• _Exercise objective_
From the line with "(Suc k) = 1" through the line with "sylv_d m div", inclusive, return each line of the data below exactly and leave the rest out.

• _Material for this task_
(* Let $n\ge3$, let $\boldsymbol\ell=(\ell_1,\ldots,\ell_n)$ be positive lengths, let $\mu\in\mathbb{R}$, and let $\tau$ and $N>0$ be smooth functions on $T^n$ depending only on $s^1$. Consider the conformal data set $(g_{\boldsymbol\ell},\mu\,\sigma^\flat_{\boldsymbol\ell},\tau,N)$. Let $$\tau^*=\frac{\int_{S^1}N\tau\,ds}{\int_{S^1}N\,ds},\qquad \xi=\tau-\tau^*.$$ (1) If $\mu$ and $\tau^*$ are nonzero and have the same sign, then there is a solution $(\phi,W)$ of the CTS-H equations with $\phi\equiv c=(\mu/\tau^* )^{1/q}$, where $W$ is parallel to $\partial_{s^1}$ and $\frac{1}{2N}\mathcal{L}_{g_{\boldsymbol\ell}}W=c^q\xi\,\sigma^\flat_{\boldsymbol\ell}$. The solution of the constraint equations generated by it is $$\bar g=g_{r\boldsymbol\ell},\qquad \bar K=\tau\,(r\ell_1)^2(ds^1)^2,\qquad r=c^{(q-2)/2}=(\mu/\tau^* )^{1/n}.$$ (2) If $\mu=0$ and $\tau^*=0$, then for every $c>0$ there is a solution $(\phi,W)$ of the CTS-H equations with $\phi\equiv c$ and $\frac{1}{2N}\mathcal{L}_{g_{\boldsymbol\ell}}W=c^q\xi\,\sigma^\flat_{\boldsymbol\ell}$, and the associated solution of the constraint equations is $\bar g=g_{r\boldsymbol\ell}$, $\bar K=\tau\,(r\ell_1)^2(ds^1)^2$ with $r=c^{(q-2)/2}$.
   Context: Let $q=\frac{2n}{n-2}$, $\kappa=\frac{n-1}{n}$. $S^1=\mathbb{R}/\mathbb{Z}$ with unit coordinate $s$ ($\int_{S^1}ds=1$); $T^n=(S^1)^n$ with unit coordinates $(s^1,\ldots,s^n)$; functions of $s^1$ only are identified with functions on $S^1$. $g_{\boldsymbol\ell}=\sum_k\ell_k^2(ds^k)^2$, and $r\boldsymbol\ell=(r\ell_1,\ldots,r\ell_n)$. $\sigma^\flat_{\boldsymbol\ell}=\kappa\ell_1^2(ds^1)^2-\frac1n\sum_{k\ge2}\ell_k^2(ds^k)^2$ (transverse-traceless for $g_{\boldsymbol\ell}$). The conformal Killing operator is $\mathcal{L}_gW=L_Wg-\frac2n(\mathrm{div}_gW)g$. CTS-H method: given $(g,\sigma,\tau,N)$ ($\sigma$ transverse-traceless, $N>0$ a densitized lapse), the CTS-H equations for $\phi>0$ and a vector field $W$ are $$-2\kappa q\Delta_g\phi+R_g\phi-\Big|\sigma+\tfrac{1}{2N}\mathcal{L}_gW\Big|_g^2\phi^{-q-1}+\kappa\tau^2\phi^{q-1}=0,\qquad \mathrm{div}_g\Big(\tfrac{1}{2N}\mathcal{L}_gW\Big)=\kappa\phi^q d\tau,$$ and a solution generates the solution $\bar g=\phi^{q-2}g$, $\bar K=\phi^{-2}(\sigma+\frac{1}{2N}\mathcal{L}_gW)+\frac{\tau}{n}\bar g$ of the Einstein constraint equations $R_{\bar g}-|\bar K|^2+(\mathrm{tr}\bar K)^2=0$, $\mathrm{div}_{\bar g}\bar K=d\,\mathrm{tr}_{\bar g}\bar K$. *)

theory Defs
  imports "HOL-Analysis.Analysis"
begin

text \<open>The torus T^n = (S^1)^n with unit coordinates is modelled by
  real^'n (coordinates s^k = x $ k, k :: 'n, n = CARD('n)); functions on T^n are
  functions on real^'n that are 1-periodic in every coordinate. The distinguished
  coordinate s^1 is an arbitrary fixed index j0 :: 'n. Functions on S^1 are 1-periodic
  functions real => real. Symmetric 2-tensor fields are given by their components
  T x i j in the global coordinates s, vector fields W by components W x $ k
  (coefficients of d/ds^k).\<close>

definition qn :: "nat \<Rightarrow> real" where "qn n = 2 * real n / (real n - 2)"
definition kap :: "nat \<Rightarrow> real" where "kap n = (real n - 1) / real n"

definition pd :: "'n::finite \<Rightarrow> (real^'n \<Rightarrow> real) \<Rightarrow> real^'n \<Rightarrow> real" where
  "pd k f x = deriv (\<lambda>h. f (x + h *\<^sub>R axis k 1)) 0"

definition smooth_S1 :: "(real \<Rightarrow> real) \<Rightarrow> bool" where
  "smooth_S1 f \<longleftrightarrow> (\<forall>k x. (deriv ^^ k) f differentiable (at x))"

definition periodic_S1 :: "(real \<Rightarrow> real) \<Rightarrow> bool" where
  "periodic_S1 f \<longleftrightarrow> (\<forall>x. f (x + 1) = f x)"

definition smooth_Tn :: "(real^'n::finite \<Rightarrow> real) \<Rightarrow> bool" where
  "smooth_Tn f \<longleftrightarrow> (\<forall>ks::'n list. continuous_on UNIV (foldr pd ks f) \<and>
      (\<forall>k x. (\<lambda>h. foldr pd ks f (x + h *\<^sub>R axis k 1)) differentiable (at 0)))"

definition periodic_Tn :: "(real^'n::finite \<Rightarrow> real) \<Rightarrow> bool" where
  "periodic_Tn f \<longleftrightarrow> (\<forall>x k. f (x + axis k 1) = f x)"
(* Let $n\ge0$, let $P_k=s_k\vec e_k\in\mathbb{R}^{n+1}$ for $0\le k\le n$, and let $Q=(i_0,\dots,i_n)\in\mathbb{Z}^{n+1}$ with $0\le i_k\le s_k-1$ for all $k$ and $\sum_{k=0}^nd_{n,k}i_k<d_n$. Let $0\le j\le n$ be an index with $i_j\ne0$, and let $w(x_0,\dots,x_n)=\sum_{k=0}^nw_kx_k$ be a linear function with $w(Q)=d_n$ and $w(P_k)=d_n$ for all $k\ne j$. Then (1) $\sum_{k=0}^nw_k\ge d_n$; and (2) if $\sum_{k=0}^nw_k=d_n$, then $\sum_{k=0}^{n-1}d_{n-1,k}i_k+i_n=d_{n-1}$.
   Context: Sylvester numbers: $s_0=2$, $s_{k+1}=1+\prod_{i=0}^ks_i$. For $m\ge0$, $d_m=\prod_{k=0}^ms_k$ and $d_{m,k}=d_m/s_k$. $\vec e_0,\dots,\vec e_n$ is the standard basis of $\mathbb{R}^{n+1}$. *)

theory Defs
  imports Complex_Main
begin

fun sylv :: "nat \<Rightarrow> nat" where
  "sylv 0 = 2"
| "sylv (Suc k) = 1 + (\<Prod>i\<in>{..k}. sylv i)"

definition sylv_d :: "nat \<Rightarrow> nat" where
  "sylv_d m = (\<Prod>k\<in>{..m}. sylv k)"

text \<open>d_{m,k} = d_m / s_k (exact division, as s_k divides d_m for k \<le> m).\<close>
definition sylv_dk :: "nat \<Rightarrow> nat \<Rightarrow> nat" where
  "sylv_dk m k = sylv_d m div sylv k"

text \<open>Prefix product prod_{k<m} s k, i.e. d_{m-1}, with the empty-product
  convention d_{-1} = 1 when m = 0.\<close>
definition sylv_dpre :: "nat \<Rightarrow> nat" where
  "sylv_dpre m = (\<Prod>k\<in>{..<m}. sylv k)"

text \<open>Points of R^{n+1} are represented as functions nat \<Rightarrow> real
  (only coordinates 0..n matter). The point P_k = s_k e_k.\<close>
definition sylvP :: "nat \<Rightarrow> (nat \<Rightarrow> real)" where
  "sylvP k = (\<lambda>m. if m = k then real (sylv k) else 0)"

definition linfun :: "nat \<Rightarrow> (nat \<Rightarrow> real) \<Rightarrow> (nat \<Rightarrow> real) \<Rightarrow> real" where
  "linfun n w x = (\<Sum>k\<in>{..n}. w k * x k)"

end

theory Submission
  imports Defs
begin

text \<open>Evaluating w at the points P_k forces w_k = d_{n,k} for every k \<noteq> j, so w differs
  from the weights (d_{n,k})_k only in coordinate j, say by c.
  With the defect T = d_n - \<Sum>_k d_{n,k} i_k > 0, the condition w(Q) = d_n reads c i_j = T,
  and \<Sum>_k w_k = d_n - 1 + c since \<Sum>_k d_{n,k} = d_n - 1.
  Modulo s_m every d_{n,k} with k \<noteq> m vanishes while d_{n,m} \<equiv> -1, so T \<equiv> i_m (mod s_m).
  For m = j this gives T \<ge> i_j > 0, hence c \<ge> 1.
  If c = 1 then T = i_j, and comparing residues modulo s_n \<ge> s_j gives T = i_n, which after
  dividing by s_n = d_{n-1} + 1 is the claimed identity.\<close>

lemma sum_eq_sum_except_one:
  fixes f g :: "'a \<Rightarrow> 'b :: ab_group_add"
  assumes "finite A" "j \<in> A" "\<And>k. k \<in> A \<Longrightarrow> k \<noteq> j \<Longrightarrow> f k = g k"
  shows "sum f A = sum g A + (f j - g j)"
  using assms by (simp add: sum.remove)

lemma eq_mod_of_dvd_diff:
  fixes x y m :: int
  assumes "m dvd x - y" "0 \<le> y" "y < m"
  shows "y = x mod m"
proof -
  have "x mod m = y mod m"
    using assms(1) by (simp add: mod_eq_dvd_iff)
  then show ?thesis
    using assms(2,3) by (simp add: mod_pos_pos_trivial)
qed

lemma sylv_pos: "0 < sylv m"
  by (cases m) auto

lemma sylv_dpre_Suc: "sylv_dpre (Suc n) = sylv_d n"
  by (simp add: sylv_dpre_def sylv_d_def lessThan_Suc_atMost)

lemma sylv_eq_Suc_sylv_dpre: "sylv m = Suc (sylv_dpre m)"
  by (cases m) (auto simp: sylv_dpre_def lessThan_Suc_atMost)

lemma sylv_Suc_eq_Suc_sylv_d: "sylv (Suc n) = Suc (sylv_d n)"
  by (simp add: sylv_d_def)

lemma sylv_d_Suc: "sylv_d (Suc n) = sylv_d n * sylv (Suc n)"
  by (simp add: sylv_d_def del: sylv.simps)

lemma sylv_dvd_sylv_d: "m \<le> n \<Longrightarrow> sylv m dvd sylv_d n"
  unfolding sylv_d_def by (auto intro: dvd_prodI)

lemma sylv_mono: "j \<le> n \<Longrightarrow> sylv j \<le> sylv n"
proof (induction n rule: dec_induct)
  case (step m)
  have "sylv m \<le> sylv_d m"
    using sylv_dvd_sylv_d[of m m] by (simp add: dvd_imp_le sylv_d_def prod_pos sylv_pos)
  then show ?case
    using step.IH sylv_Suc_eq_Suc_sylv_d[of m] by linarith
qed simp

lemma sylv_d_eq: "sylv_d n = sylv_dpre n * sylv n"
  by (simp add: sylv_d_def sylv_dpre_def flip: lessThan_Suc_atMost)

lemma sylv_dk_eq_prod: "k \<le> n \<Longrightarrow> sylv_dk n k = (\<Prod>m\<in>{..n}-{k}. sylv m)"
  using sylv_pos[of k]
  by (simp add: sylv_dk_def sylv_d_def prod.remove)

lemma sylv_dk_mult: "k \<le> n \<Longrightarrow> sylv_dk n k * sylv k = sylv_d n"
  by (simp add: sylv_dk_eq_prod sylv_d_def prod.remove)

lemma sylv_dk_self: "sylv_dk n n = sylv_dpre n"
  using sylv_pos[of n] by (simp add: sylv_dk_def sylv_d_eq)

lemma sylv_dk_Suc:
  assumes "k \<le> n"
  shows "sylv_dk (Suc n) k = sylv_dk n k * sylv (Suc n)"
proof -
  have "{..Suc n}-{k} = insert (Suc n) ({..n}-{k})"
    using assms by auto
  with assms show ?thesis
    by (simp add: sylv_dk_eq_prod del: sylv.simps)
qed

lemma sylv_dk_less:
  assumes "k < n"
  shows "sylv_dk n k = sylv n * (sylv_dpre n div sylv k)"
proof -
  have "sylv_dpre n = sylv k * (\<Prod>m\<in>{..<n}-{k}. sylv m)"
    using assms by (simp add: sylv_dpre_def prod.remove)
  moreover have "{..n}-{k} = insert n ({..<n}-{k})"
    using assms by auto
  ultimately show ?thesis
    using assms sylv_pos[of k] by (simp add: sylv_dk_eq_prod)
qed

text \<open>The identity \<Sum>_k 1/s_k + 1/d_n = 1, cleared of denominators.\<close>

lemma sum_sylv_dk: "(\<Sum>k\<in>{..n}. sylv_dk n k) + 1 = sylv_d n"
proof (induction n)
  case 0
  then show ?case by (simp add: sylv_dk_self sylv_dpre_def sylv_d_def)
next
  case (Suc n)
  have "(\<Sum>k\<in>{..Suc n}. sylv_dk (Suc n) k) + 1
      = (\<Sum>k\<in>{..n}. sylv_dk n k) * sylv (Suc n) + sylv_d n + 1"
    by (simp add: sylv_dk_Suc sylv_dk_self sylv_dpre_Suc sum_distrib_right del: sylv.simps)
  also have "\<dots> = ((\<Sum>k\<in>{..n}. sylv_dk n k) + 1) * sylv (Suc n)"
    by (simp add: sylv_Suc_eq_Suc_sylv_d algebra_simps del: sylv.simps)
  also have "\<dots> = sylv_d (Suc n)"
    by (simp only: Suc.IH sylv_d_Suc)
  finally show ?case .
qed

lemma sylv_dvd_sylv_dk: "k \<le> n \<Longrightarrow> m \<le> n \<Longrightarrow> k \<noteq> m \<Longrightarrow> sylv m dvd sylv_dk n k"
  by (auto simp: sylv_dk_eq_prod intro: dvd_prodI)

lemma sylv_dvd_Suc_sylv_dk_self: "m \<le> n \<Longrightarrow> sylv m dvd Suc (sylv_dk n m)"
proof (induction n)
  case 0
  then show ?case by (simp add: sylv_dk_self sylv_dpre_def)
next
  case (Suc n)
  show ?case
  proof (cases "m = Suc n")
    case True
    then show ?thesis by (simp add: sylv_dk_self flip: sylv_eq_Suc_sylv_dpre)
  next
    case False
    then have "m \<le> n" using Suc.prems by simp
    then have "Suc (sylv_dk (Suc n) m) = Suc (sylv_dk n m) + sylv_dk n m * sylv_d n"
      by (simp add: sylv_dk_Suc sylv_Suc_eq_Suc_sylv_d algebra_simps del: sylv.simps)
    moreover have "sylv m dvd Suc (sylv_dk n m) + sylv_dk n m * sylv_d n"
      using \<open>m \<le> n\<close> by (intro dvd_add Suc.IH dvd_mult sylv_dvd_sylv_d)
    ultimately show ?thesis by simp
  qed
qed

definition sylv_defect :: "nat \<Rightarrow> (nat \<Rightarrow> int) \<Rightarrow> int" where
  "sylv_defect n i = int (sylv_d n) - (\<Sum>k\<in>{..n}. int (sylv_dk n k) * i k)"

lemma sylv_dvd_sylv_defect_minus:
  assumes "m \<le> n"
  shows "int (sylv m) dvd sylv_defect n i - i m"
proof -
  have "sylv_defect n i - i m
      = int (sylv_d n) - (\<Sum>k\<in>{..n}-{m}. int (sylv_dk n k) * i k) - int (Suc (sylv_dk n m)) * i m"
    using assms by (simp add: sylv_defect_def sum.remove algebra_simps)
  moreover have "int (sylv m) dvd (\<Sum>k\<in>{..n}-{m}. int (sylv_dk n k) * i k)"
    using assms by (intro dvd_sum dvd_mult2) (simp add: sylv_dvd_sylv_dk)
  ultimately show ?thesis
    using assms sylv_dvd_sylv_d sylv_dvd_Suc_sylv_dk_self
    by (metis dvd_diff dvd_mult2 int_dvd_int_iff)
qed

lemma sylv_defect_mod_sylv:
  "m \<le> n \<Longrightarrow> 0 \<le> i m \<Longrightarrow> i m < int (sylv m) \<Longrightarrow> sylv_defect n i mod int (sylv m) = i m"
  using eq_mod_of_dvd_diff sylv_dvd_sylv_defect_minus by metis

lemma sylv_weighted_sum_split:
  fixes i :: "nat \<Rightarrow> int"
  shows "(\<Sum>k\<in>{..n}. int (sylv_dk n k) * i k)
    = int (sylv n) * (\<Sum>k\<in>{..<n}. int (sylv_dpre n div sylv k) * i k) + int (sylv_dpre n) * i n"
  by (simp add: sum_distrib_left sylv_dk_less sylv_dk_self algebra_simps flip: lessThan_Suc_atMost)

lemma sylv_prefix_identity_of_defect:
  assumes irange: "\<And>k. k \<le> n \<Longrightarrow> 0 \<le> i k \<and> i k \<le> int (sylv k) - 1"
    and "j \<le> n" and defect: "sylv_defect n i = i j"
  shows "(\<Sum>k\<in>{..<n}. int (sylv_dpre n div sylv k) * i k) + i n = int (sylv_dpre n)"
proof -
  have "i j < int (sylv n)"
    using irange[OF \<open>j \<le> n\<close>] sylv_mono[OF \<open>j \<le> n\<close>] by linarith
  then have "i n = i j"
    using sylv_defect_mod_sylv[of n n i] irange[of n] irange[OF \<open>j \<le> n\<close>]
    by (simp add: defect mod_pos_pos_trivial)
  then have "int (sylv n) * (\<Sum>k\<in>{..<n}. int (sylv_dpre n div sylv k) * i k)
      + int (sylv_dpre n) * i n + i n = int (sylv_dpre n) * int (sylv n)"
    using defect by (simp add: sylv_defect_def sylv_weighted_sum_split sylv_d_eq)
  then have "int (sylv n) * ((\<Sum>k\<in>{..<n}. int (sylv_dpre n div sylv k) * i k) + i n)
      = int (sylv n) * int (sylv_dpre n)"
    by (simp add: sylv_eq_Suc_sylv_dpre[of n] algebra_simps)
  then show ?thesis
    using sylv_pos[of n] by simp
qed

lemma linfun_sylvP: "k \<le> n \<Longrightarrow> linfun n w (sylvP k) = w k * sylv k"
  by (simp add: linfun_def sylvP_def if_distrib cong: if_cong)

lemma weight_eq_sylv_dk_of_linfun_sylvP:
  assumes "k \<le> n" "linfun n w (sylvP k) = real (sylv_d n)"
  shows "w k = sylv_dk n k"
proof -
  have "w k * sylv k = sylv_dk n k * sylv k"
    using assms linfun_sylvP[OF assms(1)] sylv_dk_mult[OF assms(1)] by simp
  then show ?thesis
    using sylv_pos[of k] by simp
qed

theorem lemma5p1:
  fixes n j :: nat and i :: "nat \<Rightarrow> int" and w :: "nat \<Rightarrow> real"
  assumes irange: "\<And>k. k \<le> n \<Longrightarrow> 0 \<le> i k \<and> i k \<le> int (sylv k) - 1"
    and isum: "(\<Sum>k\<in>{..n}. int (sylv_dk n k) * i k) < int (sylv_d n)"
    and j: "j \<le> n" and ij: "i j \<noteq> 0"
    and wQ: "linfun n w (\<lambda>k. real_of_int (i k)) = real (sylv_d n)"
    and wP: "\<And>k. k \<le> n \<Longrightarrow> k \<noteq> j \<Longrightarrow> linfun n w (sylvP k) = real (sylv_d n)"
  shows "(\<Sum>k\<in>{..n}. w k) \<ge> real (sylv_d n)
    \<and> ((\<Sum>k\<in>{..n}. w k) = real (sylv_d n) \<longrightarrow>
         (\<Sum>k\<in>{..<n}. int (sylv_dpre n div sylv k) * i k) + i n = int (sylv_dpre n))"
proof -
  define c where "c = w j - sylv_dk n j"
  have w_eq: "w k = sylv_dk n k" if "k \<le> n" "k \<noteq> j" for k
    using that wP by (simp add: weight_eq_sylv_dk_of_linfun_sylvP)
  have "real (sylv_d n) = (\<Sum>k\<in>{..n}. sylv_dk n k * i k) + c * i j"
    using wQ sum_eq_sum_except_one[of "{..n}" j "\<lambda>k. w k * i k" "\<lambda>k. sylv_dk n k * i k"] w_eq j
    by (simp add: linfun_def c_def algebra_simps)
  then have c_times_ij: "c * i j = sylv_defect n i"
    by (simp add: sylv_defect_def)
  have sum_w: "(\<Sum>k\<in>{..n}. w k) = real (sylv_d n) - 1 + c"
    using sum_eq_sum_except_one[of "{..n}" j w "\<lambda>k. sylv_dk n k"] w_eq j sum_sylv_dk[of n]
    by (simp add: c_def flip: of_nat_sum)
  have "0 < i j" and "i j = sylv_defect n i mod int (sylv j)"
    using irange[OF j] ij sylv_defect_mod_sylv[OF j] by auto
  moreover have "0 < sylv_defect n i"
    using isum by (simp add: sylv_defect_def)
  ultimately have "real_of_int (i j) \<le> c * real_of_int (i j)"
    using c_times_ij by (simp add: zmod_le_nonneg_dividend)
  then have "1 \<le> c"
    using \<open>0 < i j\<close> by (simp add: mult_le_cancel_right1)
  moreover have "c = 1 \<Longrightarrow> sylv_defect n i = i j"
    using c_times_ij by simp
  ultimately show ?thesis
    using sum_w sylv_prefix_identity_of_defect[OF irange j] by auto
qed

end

• _Reply to the exercise_
| "sylv (Suc k) = 1 + (\<Prod>i\<in>{..k}. sylv i)"

definition sylv_d :: "nat \<Rightarrow> nat" where
  "sylv_d m = (\<Prod>k\<in>{..m}. sylv k)"

text \<open>d_{m,k} = d_m / s_k (exact division, as s_k divides d_m for k \<le> m).\<close>
definition sylv_dk :: "nat \<Rightarrow> nat \<Rightarrow> nat" where
  "sylv_dk m k = sylv_d m div sylv k"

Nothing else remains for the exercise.